When I traveled to Kampala, Uganda last summer to conduct field research, I was looking forward to learning more about their unique cuisine. The first weekend I was there, one of the community health workers I worked with invited us to join her family for a party, where they served us beans stewed in delicate spices, lamb kabobs charred to perfection, creamy matoke, cassava, marinated chicken, and chapati to soak up any lingering sauces. The flavors and colors were all so warm and enticing. Even more than the food, the sincere hospitality of our friend and her family filled us up.

I also planned some excursions outside of Kampala around food and drink. One of my favorites was traveling to the countryside of eastern Uganda to visit a local coffee bean grower. She welcomed us into her home to show us the whole process, from picking the coffee beans and fermenting them for a couple days, to husking the shell, roasting, and finally brewing. The coffee farmers we met demonstrated their sincere hospitality and pride through sharing their culture of coffee with us.

Between meals and coffee breaks, my main purpose of traveling to Kampala was working on a project in public clinics that aimed to integrate diabetes screening and treatment into tuberculosis (TB) care. As diabetes is associated with worse TB treatment outcomes, it has become vitally important to ensure access to screening supplies, treatment options, and necessary lifestyle interventions for those diagnosed with TB. I conducted interviews with community health workers to understand how patients were screened, counseled, and treated for diabetes in public TB clinics in Kampala.

Between meals and coffee breaks, my main purpose of traveling to Kampala was working on a project in public clinics that aimed to integrate diabetes screening and treatment into tuberculosis (TB) care.

Rachel Hennein

The community health workers taught me that the ability of patients to be screened and treated for diabetes was related to a myriad of factors.
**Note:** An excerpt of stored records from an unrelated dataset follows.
text \<open>Testing the transposed bound against \<open>y = cnj p\<close>, where \<open>p\<close> is the image of \<open>x\<close>, gives \<open>\<parallel>p\<parallel>\<^sup>2 \<le> \<parallel>x\<parallel> sqrt (L \<parallel>p\<parallel>\<^sup>2)\<close>.\<close>
lemma sqnorm_apply_le_of_transpose_bound:
  fixes r :: "'k \<Rightarrow> 'j \<Rightarrow> complex"
  assumes transpose_bound: "\<And>y. sqnorm (\<lambda>j. \<Sum>k\<in>K. y k * r k j) J \<le> L * sqnorm y K"
    and "L \<ge> 0"
  shows "sqnorm (\<lambda>k. \<Sum>j\<in>J. r k j * x j) K \<le> L * sqnorm x J"
proof -
  define p where "p k = (\<Sum>j\<in>J. r k j * x j)" for k
  define w where "w j = (\<Sum>k\<in>K. cnj (p k) * r k j)" for j
  define S where "S = sqnorm p K"
  have S0: "S \<ge> 0" and X0: "sqnorm x J \<ge> 0" and W0: "sqnorm w J \<ge> 0"
    unfolding S_def by (simp_all add: sqnorm_nonneg)
  have "(\<Sum>j\<in>J. x j * w j) = (\<Sum>k\<in>K. cnj (p k) * (\<Sum>j\<in>J. r k j * x j))"
    unfolding w_def sum_distrib_left by (subst sum.swap) (simp add: ac_simps)
  also have "\<dots> = (\<Sum>k\<in>K. cnj (p k) * p k)"
    unfolding p_def ..
  also have "\<dots> = of_real S"
    unfolding S_def sqnorm_def of_real_sum complex_norm_square by (simp add: mult.commute)
  finally have "S \<le> sqrt (sqnorm x J) * sqrt (sqnorm w J)"
    using cmod_sum_mult_le[of x w J] S0 by simp
  then have "S\<^sup>2 \<le> sqnorm x J * sqnorm w J"
    using S0 X0 W0 by (metis power_mono real_sqrt_mult real_sqrt_pow2 mult_nonneg_nonneg)
  also have "\<dots> \<le> sqnorm x J * (L * S)"
    using transpose_bound[of "\<lambda>k. cnj (p k)"] X0 unfolding w_def S_def sqnorm_def
    by (intro mult_left_mono) simp_all
  finally have "S * S \<le> (L * sqnorm x J) * S"
    by (simp add: power2_eq_square algebra_simps)
  then have "S \<le> L * sqnorm x J"
    using S0 X0 \<open>L \<ge> 0\<close> by (cases "S = 0") simp_all
  then show ?thesis unfolding S_def p_def .
qed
But to stick with the theme, I’ll focus on food. One of the main initial interventions for diabetes is diet modification, ideally a diet high in protein and vegetables and low in carbohydrates. As Kampala is a rapidly growing city in Uganda, urbanization has created barriers to accessing fresh produce, similar to food deserts in New Haven. The community health workers shared that many of their patients can afford to eat mostly porridge or rice, which are high carbohydrate foods.

Although the Ugandan cuisine I had the privilege of exploring is highly nutritious, urbanization and the influx of processed foods and fast food chains from the West have profound ramifications for access to nutrient-rich foods. There is so much good in traditional Ugandan cuisine – the vibrant colors, unique flavors, nutrients, culture, and stories. My hope is that through this research, we will be able to critically analyze the rising rates of non-communicable diseases in developing nations and innovate strategies to improve health by preserving traditional food practices that have both nutritional and cultural significance.